[DATA EXTRACTS Boundary: Start]
text \<open>The \<open>\<kappa>\<close>-norm never looks at the entries with \<open>X = {}\<close>, so these need not converge.\<close>
lemma knorm_tendsto_zero:
  assumes "finite \<Lambda>" "\<Lambda> \<noteq> {}"
    and "\<And>X S T. X \<subseteq> \<Lambda> \<Longrightarrow> X \<noteq> {} \<Longrightarrow> S \<subseteq> modes \<Lambda> \<Longrightarrow> T \<subseteq> modes \<Lambda> \<Longrightarrow> (\<lambda>N. D N X S T) \<longlonglongrightarrow> 0"
  shows "(\<lambda>N. knorm \<Lambda> \<kappa> (D N)) \<longlonglongrightarrow> 0"
proof (rule Lim_null_comparison)
  show "\<forall>\<^sub>F N in sequentially.
      norm (knorm \<Lambda> \<kappa> (D N)) \<le> (\<Sum>X\<in>Pow \<Lambda> - {{}}. kweight \<kappa> X * entry_l1 (modes \<Lambda>) (D N X))"
    using knorm_le_entry_l1[OF assms(1,2)] knorm_nonneg[OF assms(1,2)] by simp
  show "(\<lambda>N. \<Sum>X\<in>Pow \<Lambda> - {{}}. kweight \<kappa> X * entry_l1 (modes \<Lambda>) (D N X)) \<longlonglongrightarrow> 0"
    unfolding entry_l1_def
    by (intro tendsto_null_sum tendsto_mult_right_zero tendsto_norm_zero assms(3)) auto
qed

lemma knorm_le_limit:
  assumes fin: "finite \<Lambda>" and ne: "\<Lambda> \<noteq> {}"
    and lim: "(\<lambda>N. knorm \<Lambda> \<kappa> (\<lambda>X S T. \<Psi> N X S T - \<Phi> X S T)) \<longlonglongrightarrow> 0"
    and bound: "\<And>N. knorm \<Lambda> \<kappa> (\<Psi> N) \<le> K"
  shows "knorm \<Lambda> \<kappa> \<Phi> \<le> K"
proof (rule LIMSEQ_le_const)
  show "(\<lambda>N. K + knorm \<Lambda> \<kappa> (\<lambda>X S T. \<Psi> N X S T - \<Phi> X S T)) \<longlonglongrightarrow> K"
    using tendsto_add[OF tendsto_const lim] by simp
  have "knorm \<Lambda> \<kappa> \<Phi> \<le> K + knorm \<Lambda> \<kappa> (\<lambda>X S T. \<Psi> N X S T - \<Phi> X S T)" for N
  proof -
    have "knorm \<Lambda> \<kappa> \<Phi> \<le> knorm \<Lambda> \<kappa> (\<Psi> N) + knorm \<Lambda> \<kappa> (\<lambda>X S T. (-1) * (\<Psi> N X S T - \<Phi> X S T))"
      using knorm_add[OF fin ne, of \<kappa> "\<Psi> N" "\<lambda>X S T. (-1) * (\<Psi> N X S T - \<Phi> X S T)"] by simp
    then show ?thesis
      using bound[of N] knorm_smult[OF fin ne, of \<kappa> "-1" "\<lambda>X S T. \<Psi> N X S T - \<Phi> X S T"] by simp
  qed
  then show "\<exists>N0. \<forall>N\<ge>N0. knorm \<Lambda> \<kappa> \<Phi> \<le> K + knorm \<Lambda> \<kappa> (\<lambda>X S T. \<Psi> N X S T - \<Phi> X S T)"
    by blast
qed

lemma knorm_series:
  fixes f :: "nat \<Rightarrow> interaction"
  assumes fin: "finite \<Lambda>" and ne: "\<Lambda> \<noteq> {}" and \<kappa>: "0 \<le> \<kappa>"
    and summable: "summable (\<lambda>n. knorm \<Lambda> \<kappa> (f n))"
  shows "(\<lambda>N. knorm \<Lambda> \<kappa> (\<lambda>X S T. (\<Sum>n<N. f n X S T) - (\<Sum>n. f n X S T))) \<longlonglongrightarrow> 0"
    and "knorm \<Lambda> \<kappa> (\<lambda>X S T. \<Sum>n. f n X S T) \<le> (\<Sum>n. knorm \<Lambda> \<kappa> (f n))"
proof -
  have "(\<lambda>n. f n X S T) sums (\<Sum>n. f n X S T)"
    if "X \<subseteq> \<Lambda>" "X \<noteq> {}" "S \<subseteq> modes \<Lambda>" "T \<subseteq> modes \<Lambda>" for X S T
    using that by (intro summable_sums summable_comparison_test'[OF summable] cmod_le_knorm fin \<kappa>)
  then show lim: "(\<lambda>N. knorm \<Lambda> \<kappa> (\<lambda>X S T. (\<Sum>n<N. f n X S T) - (\<Sum>n. f n X S T))) \<longlonglongrightarrow> 0"
    by (intro knorm_tendsto_zero fin ne LIM_zero) (simp add: sums_def)
  have "knorm \<Lambda> \<kappa> (\<lambda>X S T. \<Sum>n<N. f n X S T) \<le> (\<Sum>n. knorm \<Lambda> \<kappa> (f n))" for N
    using knorm_sum[OF fin ne, of \<kappa> f "{..<N}"] sum_le_suminf[OF summable, of "{..<N}"]
      knorm_nonneg[OF fin ne]
    by fastforce
  then show "knorm \<Lambda> \<kappa> (\<lambda>X S T. \<Sum>n. f n X S T) \<le> (\<Sum>n. knorm \<Lambda> \<kappa> (f n))"
    by (rule knorm_le_limit[OF fin ne lim])
qed

section \<open>Commutators of interactions\<close>

lemma interaction_alg: "is_interaction \<Lambda> \<Phi> \<Longrightarrow> X \<subseteq> \<Lambda> \<Longrightarrow> \<Phi> X \<in> alg (modes \<Lambda>) (modes X)"
  by (simp add: is_interaction_def loc_even_def)

lemma interaction_even: "is_interaction \<Lambda> \<Phi> \<Longrightarrow> X \<subseteq> \<Lambda> \<Longrightarrow> parity_conj (modes \<Lambda>) (\<Phi> X) = \<Phi> X"
  by (simp add: is_interaction_def loc_even_def even_op_iff_parity_conj)

lemma comm_interactions_disjoint:
  assumes "finite \<Lambda>" "is_interaction \<Lambda> A" "is_interaction \<Lambda> B" "X \<subseteq> \<Lambda>" "Y \<subseteq> \<Lambda>" "X \<inter> Y = {}"
  shows "comm (modes \<Lambda>) (A X) (B Y) = (\<lambda>S T. 0)"
  using even_opmult_commute[of "modes \<Lambda>" "modes X" "modes Y" "B Y" "A X"] assms
  by (simp add: comm_def finite_modes modes_disjoint interaction_alg interaction_even)

definition covering_pairs :: "site set \<Rightarrow> site set \<Rightarrow> (site set \<times> site set) set" where
  "covering_pairs \<Lambda> Z = {(X, Y). X \<subseteq> \<Lambda> \<and> Y \<subseteq> \<Lambda> \<and> X \<union> Y = Z}"

lemma finite_covering_pairs: "finite \<Lambda> \<Longrightarrow> finite (covering_pairs \<Lambda> Z)"
  by (rule finite_subset[of _ "Pow \<Lambda> \<times> Pow \<Lambda>"]) (auto simp: covering_pairs_def)

lemma ad_eq:
  "ad \<Lambda> A B Z = (\<lambda>S T. \<Sum>p\<in>covering_pairs \<Lambda> Z. comm (modes \<Lambda>) (A (fst p)) (B (snd p)) S T)"
  unfolding ad_def covering_pairs_def by (intro ext sum.cong) auto
(* Let $\mathcal{G}$ be a locally finite, one-ended, hyperfinite, measure class preserving measurable graph on a standard probability space $(X,\nu)$, with measurable spanning tree $\mathcal{T}$. Then for $\nu$-a.e. $x$, letting $G$ be the $\mathcal G$-component of $x$ and $T=\mathcal T\cap G$, either $T\setminus\mathrm{Core}_{\mathcal{T}}(\mathcal{G})=T$ or all connected components of $T\setminus\mathrm{Core}_{\mathcal{T}}(\mathcal{G})$ are finite.
   Context: mcp: Borel bijections of $X$ with graph inside the connectedness relation of $\mathcal G$ preserve $\nu$-null sets. Hyperfinite: increasing union of measurable graphs with a.e. finite components. One-ended: a.e. component is one-ended. A measurable spanning tree is a measurable acyclic subgraph with the same components as $\mathcal G$ a.e. A fundamental cycle relative to $\mathcal T$ is a cycle in $\mathcal G$ with exactly one edge not in $\mathcal T$; $\mathrm{Core}_{\mathcal T}(\mathcal G)$ is the set of edges of $\mathcal T$ lying in infinitely many fundamental cycles. *)

theory Defs
  imports "HOL-Probability.Probability"
begin

text \<open>Graphs on a vertex type are edge relations (sets of ordered pairs);
undirected simple graphs are symmetric and irreflexive relations.\<close>

definition simple_graph :: "('a \<times> 'a) set \<Rightarrow> bool" where
  "simple_graph H \<longleftrightarrow> sym H \<and> irrefl H"

definition component :: "('a \<times> 'a) set \<Rightarrow> 'a \<Rightarrow> 'a set" where
  "component H x = {y. (x, y) \<in> H\<^sup>*}"

definition locally_finite :: "('a \<times> 'a) set \<Rightarrow> bool" where
  "locally_finite H \<longleftrightarrow> (\<forall>x. finite {y. (x, y) \<in> H})"

definition induced :: "('a \<times> 'a) set \<Rightarrow> 'a set \<Rightarrow> ('a \<times> 'a) set" where
  "induced H S = {(u, v) \<in> H. u \<in> S \<and> v \<in> S}"

definition components_on :: "('a \<times> 'a) set \<Rightarrow> 'a set \<Rightarrow> 'a set set" where
  "components_on H S = {component (induced H S) x | x. x \<in> S}"

definition one_ended_component :: "('a \<times> 'a) set \<Rightarrow> 'a set \<Rightarrow> bool" where
  "one_ended_component H C \<longleftrightarrow> infinite C \<and>
     (\<forall>F. finite F \<longrightarrow> (\<exists>!K. K \<in> components_on H (C - F) \<and> infinite K))"

definition cycle_edges :: "'a list \<Rightarrow> ('a \<times> 'a) set" where
  "cycle_edges c = (\<Union>i<length c. {(c ! i, c ! (Suc i mod length c)),
                                     (c ! (Suc i mod length c), c ! i)})"

definition is_cycle :: "('a \<times> 'a) set \<Rightarrow> 'a list \<Rightarrow> bool" where
  "is_cycle H c \<longleftrightarrow> length c \<ge> 3 \<and> distinct c \<and> cycle_edges c \<subseteq> H"

definition acyclic_graph :: "('a \<times> 'a) set \<Rightarrow> bool" where
  "acyclic_graph H \<longleftrightarrow> (\<nexists>c. is_cycle H c)"

definition fundamental_cycle :: "('a \<times> 'a) set \<Rightarrow> ('a \<times> 'a) set \<Rightarrow> 'a list \<Rightarrow> bool" where
  "fundamental_cycle G T c \<longleftrightarrow> is_cycle G c \<and>
     (\<exists>u v. cycle_edges c - T = {(u, v), (v, u)})"

text \<open>Core: edges of T lying in infinitely many fundamental cycles (a cycle is
identified with its edge set).\<close>
definition Core :: "('a \<times> 'a) set \<Rightarrow> ('a \<times> 'a) set \<Rightarrow> ('a \<times> 'a) set" where
  "Core G T = {e \<in> T. infinite {cycle_edges c | c. fundamental_cycle G T c \<and> e \<in> cycle_edges c}}"

definition measurable_graph :: "'a measure \<Rightarrow> ('a \<times> 'a) set \<Rightarrow> bool" where
  "measurable_graph M H \<longleftrightarrow> simple_graph H \<and> H \<subseteq> space M \<times> space M \<and> H \<in> sets (M \<Otimes>\<^sub>M M)"

definition mcp :: "'a measure \<Rightarrow> ('a \<times> 'a) set \<Rightarrow> bool" where
  "mcp M H \<longleftrightarrow> (\<forall>f. bij_betw f (space M) (space M) \<and> f \<in> M \<rightarrow>\<^sub>M M
        \<and> the_inv_into (space M) f \<in> M \<rightarrow>\<^sub>M M
        \<and> (\<forall>x\<in>space M. (x, f x) \<in> H\<^sup>*) \<longrightarrow>
        (\<forall>A\<in>sets M. emeasure M A = 0 \<longrightarrow> emeasure M (f ` A) = 0))"
(* Let $b\in\mathcal B$ and let $R$ be the multiset of zeros in $\mathbb C^*$ of the Laurent polynomial $1-bb^*$. Then: (a) $\pi_2^{-1}(b)\subseteq\mathcal S$ is finite and $|\pi_2^{-1}(b)|=\mathcal N(R)$; (b) if $(a,b),(a',b)\in\pi_2^{-1}(b)$, then $a\ne a'$ if and only if the multisets of zeros of $a^*$ and $(a')^*$ differ; moreover $a$ and $a'$ have the same zeros on $\mathbb T$ counted with multiplicity; (c) if $a$ is a polynomial with $a(0)\ne0$ and zero multiset $R_a$, then $(a^*,b)\in\pi_2^{-1}(b)$ implies $R=\bigcup_{\alpha\in R_a}\{\alpha,1/\overline\alpha\}$ as multisets; conversely, if $R=\bigcup_{\alpha\in R_a}\{\alpha,1/\overline\alpha\}$ then there is a unique $\lambda\in\mathbb C^*$ with $(\lambda a^*,b)\in\pi_2^{-1}(b)$.
   Context: $\mathbb T$ is the unit circle, $\mathbb C^*=\mathbb C\setminus\{0\}$, $a^*(z):=\overline{a(1/\overline z)}$ for a Laurent polynomial $a$. $\mathcal S$ is the set of pairs $(a,b)$ of Laurent polynomials with $aa^*+bb^*=1$ and $0<a^*(0)<\infty$; $\pi_1(a,b)=a$, $\pi_2(a,b)=b$, $\mathcal A:=\pi_1(\mathcal S)$, $\mathcal B:=\pi_2(\mathcal S)$. Multiset unions add multiplicities. Counting function: for a finite multiset $R\subset\mathbb C^*$, define $\alpha\sim\beta$ iff $\alpha=\beta$ or $\alpha=1/\overline\beta$ (equivalence classes taken as multisets, all of even size in the cases considered); for a class $y$ let $\sharp(y):=1$ if $y$ meets $\mathbb T$ and $\sharp(y):=1+|y|/2$ otherwise; $\mathcal N(R):=\prod_{y\in R/\sim}\sharp(y)$. *)

theory Defs
  imports "HOL-Analysis.Analysis" "HOL-Computational_Algebra.Polynomial" "HOL-Library.Multiset"
begin

text \<open>Laurent polynomials over the complex numbers are represented by their coefficient
  functions c :: int => complex (the Laurent polynomial is the sum of c n * z powi n),
  required to have finite support.\<close>

type_synonym laurent = "int \<Rightarrow> complex"

definition lsupp :: "laurent \<Rightarrow> int set" where
  "lsupp f = {n. f n \<noteq> 0}"

definition is_laurent :: "laurent \<Rightarrow> bool" where
  "is_laurent f \<longleftrightarrow> finite (lsupp f)"

definition leval :: "laurent \<Rightarrow> complex \<Rightarrow> complex" where
  "leval f z = (\<Sum>n\<in>lsupp f. f n * z powi n)"

definition lone :: laurent where
  "lone n = (if n = 0 then 1 else 0)"

definition lmult :: "laurent \<Rightarrow> laurent \<Rightarrow> laurent" where
  "lmult f g n = (\<Sum>k\<in>lsupp f. f k * g (n - k))"

text \<open>a^*(z) = conj (a (1 / conj z)):  if a = sum a_n z^n then a^* = sum conj(a_n) z^(-n).\<close>
definition lstar :: "laurent \<Rightarrow> laurent" where
  "lstar f n = cnj (f (- n))"

text \<open>0 < f(0) < infinity: f has no negative powers (so f(0) is finite and equals the
  constant coefficient) and the constant coefficient is a positive real.\<close>
definition val0_pos :: "laurent \<Rightarrow> bool" where
  "val0_pos f \<longleftrightarrow> (\<forall>n<0. f n = 0) \<and> f 0 \<in> \<real> \<and> 0 < Re (f 0)"

definition SS :: "(laurent \<times> laurent) set" where
  "SS = {(a, b). is_laurent a \<and> is_laurent b \<and>
                 (\<lambda>n. lmult a (lstar a) n + lmult b (lstar b) n) = lone \<and>
                 val0_pos (lstar a)}"

definition BB :: "laurent set" where
  "BB = snd ` SS"

definition fibre2 :: "laurent \<Rightarrow> (laurent \<times> laurent) set" where
  "fibre2 b = {p \<in> SS. snd p = b}"

text \<open>Zeros in C* of a Laurent polynomial f = z^m p(z) (p(0) /= 0), counted with
  multiplicity: the roots of the polynomial p.\<close>
definition ldeg :: "laurent \<Rightarrow> int" where
  "ldeg f = Min (lsupp f)"

definition hdeg :: "laurent \<Rightarrow> int" where
  "hdeg f = Max (lsupp f)"

definition lpoly :: "laurent \<Rightarrow> complex poly" where
  "lpoly f = (if lsupp f = {} then 0 else
     Poly (map (\<lambda>i. f (ldeg f + int i)) [0..<nat (hdeg f - ldeg f) + 1]))"

definition lzeros :: "laurent \<Rightarrow> complex multiset" where
  "lzeros f = filter_mset (\<lambda>z. z \<noteq> 0) (proots (lpoly f))"

definition poly_to_laurent :: "complex poly \<Rightarrow> laurent" where
  "poly_to_laurent p n = (if 0 \<le> n then coeff p (nat n) else 0)"

definition lsmult :: "complex \<Rightarrow> laurent \<Rightarrow> laurent" where
  "lsmult c f n = c * f n"

definition lminus :: "laurent \<Rightarrow> laurent \<Rightarrow> laurent" where
  "lminus f g n = f n - g n"

text \<open>The class of alpha under alpha ~ beta iff alpha = beta or
  alpha = 1/conj beta has underlying set {alpha, 1/conj alpha}; its size (as a multiset)
  is the sum of the multiplicities in R of its distinct elements.\<close>
definition rclass :: "complex \<Rightarrow> complex set" where
  "rclass \<alpha> = {\<alpha>, 1 / cnj \<alpha>}"

definition class_size :: "complex multiset \<Rightarrow> complex set \<Rightarrow> nat" where
  "class_size R y = (\<Sum>x\<in>y. count R x)"

definition sharp :: "complex multiset \<Rightarrow> complex set \<Rightarrow> nat" where
  "sharp R y = (if (\<exists>x\<in>y. cmod x = 1) then 1 else 1 + class_size R y div 2)"

definition NN :: "complex multiset \<Rightarrow> nat" where
  "NN R = (\<Prod>y\<in>rclass ` set_mset R. sharp R y)"

end

theory Submission
  imports Defs "HOL-Computational_Algebra.Fundamental_Theorem_Algebra"
begin

(* The fibre over b is parametrised by polynomials.  If (a, b) is in S then a^* is a polynomial P
   with P(0) > 0, and a a^* = 1 - b b^* reads z^(-deg P) P^#(z) P(z) = 1 - b b^*, where
   P^#(z) = z^(deg P) conj (P (1 / conj z)) is the reciprocal polynomial; its zeros are the
   reflections 1 / conj alpha of the zeros alpha of P.  Fixing one solution P0 and M = P0^# P0, the
   fibre is in bijection with the polynomials P with P^# P = M and P(0) > 0, and taking zeros maps
   these bijectively onto the multisets S with sigma(S) + S = zeros(M), sigma z = 1 / conj z:
   any F with zeros S satisfies M = kappa F^# F with kappa > 0 (compare the middle coefficients,
   which are sums of squared moduli), so exactly one rescaling of F solves P^# P = M, P(0) > 0.
   Counting such S orbit by orbit of sigma gives N(R): the multiplicity in S of a zero alpha off the
   circle is free in 0..m, where m is its multiplicity in R, and is forced to be m/2 on the circle. *)

section \<open>Halves of a multiset under an involution\<close>

definition halves :: "('a \<Rightarrow> 'a) \<Rightarrow> 'a multiset \<Rightarrow> 'a multiset set" where
  "halves \<sigma> R = {S. image_mset \<sigma> S + S = R}"

definition inv_orbit :: "('a \<Rightarrow> 'a) \<Rightarrow> 'a \<Rightarrow> 'a set" where
  "inv_orbit \<sigma> x = {x, \<sigma> x}"

definition orbit_rep :: "'a set \<Rightarrow> 'a" where
  "orbit_rep y = (SOME x. x \<in> y)"

text \<open>For \<open>S \<in> halves \<sigma> R\<close>, the multiplicity in \<open>S\<close> of the representative of an orbit determines
  \<open>S\<close> on that orbit; it is half its multiplicity in \<open>R\<close> at a fixed point of \<open>\<sigma>\<close>, and any value up
  to that multiplicity otherwise.\<close>

definition rep_count_range :: "('a \<Rightarrow> 'a) \<Rightarrow> 'a multiset \<Rightarrow> 'a set \<Rightarrow> nat set" where
  "rep_count_range \<sigma> R y =
     (if \<sigma> (orbit_rep y) = orbit_rep y then {count R (orbit_rep y) div 2} else {..count R (orbit_rep y)})"

context
  fixes \<sigma> :: "'a \<Rightarrow> 'a"
  assumes involution: "\<And>x. \<sigma> (\<sigma> x) = x"
begin

lemma count_image_mset_involution: "count (image_mset \<sigma> S) x = count S (\<sigma> x)"
proof -
  have "\<sigma> -` {x} = {\<sigma> x}"
    using involution by auto
  then show ?thesis
    by (cases "\<sigma> x \<in># S") (simp_all add: count_image_mset not_in_iff)
qed

lemma mem_halves_iff: "S \<in> halves \<sigma> R \<longleftrightarrow> (\<forall>x. count S (\<sigma> x) + count S x = count R x)"
  by (simp add: halves_def multiset_eq_iff count_image_mset_involution)

lemma inv_orbit_involution [simp]: "inv_orbit \<sigma> (\<sigma> x) = inv_orbit \<sigma> x"
  by (auto simp: inv_orbit_def involution)

lemma orbit_rep_inv_orbit: "orbit_rep (inv_orbit \<sigma> x) = x \<or> orbit_rep (inv_orbit \<sigma> x) = \<sigma> x"
proof -
  have "orbit_rep (inv_orbit \<sigma> x) \<in> inv_orbit \<sigma> x"
    unfolding orbit_rep_def by (rule someI[of _ x]) (simp add: inv_orbit_def)
  then show ?thesis by (simp add: inv_orbit_def)
qed

lemma inv_orbit_orbit_rep [simp]: "inv_orbit \<sigma> (orbit_rep (inv_orbit \<sigma> x)) = inv_orbit \<sigma> x"
  using orbit_rep_inv_orbit[of x] by auto

context
  fixes R :: "'a multiset" and S0 :: "'a multiset"
  assumes S0: "S0 \<in> halves \<sigma> R"
begin

lemma count_involution_if_halves: "count R (\<sigma> x) = count R x"
  using S0 mem_halves_iff[of S0 R] involution by (metis add.commute)

lemma mem_involution_if_halves: "\<sigma> x \<in># R \<longleftrightarrow> x \<in># R"
  using count_involution_if_halves[of x] by (metis count_eq_zero_iff)

lemma count_fixed_point_if_halves: "\<sigma> x = x \<Longrightarrow> count R x div 2 + count R x div 2 = count R x"
  using S0 mem_halves_iff[of S0 R] by (metis add_self_div_2)

lemma count_orbit_rep_in_range:
  assumes "S \<in> halves \<sigma> R"
  shows "count S (orbit_rep y) \<in> rep_count_range \<sigma> R y"
  using assms unfolding rep_count_range_def mem_halves_iff
  by (smt (verit) atMost_iff le_add2 mult_2 nonzero_mult_div_cancel_left singletonI zero_neq_numeral)

lemma halves_eqI:
  assumes S: "S \<in> halves \<sigma> R" and S': "S' \<in> halves \<sigma> R"
    and eq: "\<And>x. x \<in># R \<Longrightarrow> count S (orbit_rep (inv_orbit \<sigma> x)) = count S' (orbit_rep (inv_orbit \<sigma> x))"
  shows "S = S'"
proof (rule multiset_eqI)
  fix x
  have S_x: "count S (\<sigma> x) + count S x = count R x" and S'_x: "count S' (\<sigma> x) + count S' x = count R x"
    using S S' by (simp_all add: mem_halves_iff)
  show "count S x = count S' x"
  proof (cases "x \<in># R")
    case False
    then show ?thesis using S_x S'_x by (simp add: not_in_iff)
  next
    case True
    then show ?thesis
      using orbit_rep_inv_orbit[of x] eq[OF True] S_x S'_x by auto
  qed
qed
[DATA EXTRACTS Boundary: End]
Filter the listing for the word "Counting" and copy each line that has it.

__RESULT BELOW__:
   Context: $\mathbb T$ is the unit circle, $\mathbb C^*=\mathbb C\setminus\{0\}$, $a^*(z):=\overline{a(1/\overline z)}$ for a Laurent polynomial $a$. $\mathcal S$ is the set of pairs $(a,b)$ of Laurent polynomials with $aa^*+bb^*=1$ and $0<a^*(0)<\infty$; $\pi_1(a,b)=a$, $\pi_2(a,b)=b$, $\mathcal A:=\pi_1(\mathcal S)$, $\mathcal B:=\pi_2(\mathcal S)$. Multiset unions add multiplicities. Counting function: for a finite multiset $R\subset\mathbb C^*$, define $\alpha\sim\beta$ iff $\alpha=\beta$ or $\alpha=1/\overline\beta$ (equivalence classes taken as multisets, all of even size in the cases considered); for a class $y$ let $\sharp(y):=1$ if $y$ meets $\mathbb T$ and $\sharp(y):=1+|y|/2$ otherwise; $\mathcal N(R):=\prod_{y\in R/\sim}\sharp(y)$. *)
   Counting such S orbit by orbit of sigma gives N(R): the multiplicity in S of a zero alpha off the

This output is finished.